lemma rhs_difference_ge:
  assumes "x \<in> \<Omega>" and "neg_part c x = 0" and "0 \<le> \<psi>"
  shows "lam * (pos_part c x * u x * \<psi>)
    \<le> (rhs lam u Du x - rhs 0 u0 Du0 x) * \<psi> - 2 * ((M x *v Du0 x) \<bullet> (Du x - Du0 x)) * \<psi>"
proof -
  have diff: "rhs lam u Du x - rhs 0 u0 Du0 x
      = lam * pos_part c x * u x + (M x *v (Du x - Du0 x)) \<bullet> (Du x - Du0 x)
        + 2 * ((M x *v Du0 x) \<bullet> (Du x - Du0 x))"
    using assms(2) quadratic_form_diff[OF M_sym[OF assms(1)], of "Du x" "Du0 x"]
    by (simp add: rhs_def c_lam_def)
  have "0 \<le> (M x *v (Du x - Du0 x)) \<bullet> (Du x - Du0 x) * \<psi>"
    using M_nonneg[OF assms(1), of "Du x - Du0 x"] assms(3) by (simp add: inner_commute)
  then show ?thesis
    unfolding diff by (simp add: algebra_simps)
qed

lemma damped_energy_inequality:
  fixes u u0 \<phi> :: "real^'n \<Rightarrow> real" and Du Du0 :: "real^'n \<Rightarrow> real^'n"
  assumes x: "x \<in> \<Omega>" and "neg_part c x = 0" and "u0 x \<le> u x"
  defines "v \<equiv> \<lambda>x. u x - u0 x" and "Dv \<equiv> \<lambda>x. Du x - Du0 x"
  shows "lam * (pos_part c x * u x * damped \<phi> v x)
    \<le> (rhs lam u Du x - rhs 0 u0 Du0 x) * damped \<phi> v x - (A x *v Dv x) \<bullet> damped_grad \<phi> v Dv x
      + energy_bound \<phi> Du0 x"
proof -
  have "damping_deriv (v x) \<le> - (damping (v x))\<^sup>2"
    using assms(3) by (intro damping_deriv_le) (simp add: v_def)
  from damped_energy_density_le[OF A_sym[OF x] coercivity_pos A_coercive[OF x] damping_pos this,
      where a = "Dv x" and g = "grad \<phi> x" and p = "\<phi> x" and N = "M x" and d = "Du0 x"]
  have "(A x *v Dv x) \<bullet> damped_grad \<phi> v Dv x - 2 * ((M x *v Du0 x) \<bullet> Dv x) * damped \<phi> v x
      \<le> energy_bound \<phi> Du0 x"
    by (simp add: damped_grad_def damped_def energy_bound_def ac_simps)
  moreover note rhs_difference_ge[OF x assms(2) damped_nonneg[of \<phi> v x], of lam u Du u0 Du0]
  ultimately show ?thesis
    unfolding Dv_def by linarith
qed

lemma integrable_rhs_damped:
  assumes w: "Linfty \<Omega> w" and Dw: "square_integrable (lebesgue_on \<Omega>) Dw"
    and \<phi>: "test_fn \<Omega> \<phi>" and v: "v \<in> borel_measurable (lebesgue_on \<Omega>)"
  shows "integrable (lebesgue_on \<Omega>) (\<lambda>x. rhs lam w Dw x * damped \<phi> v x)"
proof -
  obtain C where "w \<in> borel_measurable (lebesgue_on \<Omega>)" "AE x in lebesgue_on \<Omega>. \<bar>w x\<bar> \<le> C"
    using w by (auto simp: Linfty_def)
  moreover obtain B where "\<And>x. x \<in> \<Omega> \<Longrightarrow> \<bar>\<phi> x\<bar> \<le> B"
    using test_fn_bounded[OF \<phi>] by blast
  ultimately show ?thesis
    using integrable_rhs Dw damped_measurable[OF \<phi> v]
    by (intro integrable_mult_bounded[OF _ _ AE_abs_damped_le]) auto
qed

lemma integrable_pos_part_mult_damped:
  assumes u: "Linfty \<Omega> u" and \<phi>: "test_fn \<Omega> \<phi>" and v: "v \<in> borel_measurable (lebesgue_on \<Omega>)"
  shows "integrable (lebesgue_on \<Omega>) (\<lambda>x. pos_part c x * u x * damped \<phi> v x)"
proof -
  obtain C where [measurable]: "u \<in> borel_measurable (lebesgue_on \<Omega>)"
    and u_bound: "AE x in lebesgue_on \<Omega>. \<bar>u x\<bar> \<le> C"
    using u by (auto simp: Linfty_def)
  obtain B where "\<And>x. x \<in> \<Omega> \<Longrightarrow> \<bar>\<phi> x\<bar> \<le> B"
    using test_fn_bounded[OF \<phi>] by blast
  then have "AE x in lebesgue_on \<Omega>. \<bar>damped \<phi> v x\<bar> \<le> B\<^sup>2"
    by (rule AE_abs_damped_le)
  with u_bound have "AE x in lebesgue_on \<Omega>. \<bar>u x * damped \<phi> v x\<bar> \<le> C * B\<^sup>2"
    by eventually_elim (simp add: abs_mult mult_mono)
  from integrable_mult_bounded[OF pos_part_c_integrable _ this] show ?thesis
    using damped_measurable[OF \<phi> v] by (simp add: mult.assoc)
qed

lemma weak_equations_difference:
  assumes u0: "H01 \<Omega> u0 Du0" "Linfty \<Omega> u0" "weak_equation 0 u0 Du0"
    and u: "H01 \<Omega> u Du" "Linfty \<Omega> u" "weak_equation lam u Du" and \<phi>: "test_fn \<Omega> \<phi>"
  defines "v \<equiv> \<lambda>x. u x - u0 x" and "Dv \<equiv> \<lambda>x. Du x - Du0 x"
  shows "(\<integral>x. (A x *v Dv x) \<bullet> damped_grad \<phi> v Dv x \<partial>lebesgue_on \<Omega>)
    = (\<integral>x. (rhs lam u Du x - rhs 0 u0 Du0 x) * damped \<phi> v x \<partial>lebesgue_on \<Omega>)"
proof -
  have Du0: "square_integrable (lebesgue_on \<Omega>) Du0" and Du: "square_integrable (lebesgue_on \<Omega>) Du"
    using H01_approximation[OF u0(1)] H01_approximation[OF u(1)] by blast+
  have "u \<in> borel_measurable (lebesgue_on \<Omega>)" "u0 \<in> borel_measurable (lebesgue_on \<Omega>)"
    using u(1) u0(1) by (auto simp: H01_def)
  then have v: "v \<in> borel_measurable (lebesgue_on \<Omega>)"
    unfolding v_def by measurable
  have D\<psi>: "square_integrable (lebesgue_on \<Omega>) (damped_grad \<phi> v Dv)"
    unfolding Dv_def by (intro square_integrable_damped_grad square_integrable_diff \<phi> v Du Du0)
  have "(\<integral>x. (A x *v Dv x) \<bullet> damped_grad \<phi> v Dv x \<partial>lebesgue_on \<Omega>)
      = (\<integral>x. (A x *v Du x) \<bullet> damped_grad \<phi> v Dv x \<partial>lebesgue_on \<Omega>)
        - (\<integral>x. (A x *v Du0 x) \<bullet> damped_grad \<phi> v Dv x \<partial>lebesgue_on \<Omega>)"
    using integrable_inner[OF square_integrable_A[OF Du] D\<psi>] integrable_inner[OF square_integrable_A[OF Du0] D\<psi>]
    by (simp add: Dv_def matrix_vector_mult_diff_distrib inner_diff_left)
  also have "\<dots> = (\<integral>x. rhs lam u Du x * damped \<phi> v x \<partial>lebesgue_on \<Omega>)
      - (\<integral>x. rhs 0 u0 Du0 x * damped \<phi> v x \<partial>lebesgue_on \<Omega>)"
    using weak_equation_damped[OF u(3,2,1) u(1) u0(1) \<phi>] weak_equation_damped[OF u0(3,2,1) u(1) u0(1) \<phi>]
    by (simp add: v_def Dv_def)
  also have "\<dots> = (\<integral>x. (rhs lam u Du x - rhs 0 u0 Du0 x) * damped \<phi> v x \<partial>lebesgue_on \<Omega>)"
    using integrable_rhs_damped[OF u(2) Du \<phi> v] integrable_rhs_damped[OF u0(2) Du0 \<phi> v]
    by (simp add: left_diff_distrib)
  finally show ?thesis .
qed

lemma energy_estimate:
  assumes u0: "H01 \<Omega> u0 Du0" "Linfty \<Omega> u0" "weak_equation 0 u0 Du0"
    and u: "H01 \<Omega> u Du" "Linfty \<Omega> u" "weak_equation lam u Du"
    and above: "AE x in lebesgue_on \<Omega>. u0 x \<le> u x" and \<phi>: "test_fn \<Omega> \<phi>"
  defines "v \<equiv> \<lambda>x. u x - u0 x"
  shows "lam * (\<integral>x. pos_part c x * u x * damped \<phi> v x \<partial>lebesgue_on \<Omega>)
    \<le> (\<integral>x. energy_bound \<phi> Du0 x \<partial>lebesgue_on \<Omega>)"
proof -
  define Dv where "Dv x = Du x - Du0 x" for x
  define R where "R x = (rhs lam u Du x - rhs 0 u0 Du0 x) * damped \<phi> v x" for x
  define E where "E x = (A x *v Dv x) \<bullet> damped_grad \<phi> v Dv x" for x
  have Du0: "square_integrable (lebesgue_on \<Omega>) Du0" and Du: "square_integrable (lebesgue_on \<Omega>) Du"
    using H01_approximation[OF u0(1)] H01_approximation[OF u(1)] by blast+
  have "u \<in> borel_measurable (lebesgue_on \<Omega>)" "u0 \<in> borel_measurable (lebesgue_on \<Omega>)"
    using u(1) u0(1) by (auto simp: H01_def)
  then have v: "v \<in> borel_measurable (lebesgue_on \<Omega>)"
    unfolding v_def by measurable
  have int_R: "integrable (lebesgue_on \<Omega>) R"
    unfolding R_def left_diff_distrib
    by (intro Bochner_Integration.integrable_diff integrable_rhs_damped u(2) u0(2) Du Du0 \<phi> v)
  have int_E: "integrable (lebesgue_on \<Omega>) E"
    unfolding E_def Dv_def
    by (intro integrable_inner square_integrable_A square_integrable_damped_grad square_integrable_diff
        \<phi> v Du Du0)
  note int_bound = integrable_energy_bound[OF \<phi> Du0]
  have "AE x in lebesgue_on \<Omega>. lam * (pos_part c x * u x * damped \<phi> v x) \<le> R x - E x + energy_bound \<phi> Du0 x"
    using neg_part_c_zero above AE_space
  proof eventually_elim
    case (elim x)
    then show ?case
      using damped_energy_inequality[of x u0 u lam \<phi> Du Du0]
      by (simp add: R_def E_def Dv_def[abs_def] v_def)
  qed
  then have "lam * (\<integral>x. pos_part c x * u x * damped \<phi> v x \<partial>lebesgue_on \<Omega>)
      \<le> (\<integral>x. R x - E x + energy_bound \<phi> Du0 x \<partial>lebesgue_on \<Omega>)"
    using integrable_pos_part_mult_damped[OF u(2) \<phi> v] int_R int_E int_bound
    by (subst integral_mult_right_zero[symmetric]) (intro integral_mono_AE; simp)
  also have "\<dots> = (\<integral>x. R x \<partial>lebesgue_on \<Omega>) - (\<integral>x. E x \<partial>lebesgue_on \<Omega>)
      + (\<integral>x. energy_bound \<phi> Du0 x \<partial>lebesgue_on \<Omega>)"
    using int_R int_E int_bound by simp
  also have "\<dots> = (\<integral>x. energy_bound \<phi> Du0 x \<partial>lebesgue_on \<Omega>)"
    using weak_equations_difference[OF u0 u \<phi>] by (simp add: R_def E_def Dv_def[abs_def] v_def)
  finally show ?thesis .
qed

**TASK BRIEF**
Return each line of the listing that holds the word "above".

**RESPONSE TO THIS TASK**
    and above: "AE x in lebesgue_on \<Omega>. u0 x \<le> u x" and \<phi>: "test_fn \<Omega> \<phi>"
    using neg_part_c_zero above AE_space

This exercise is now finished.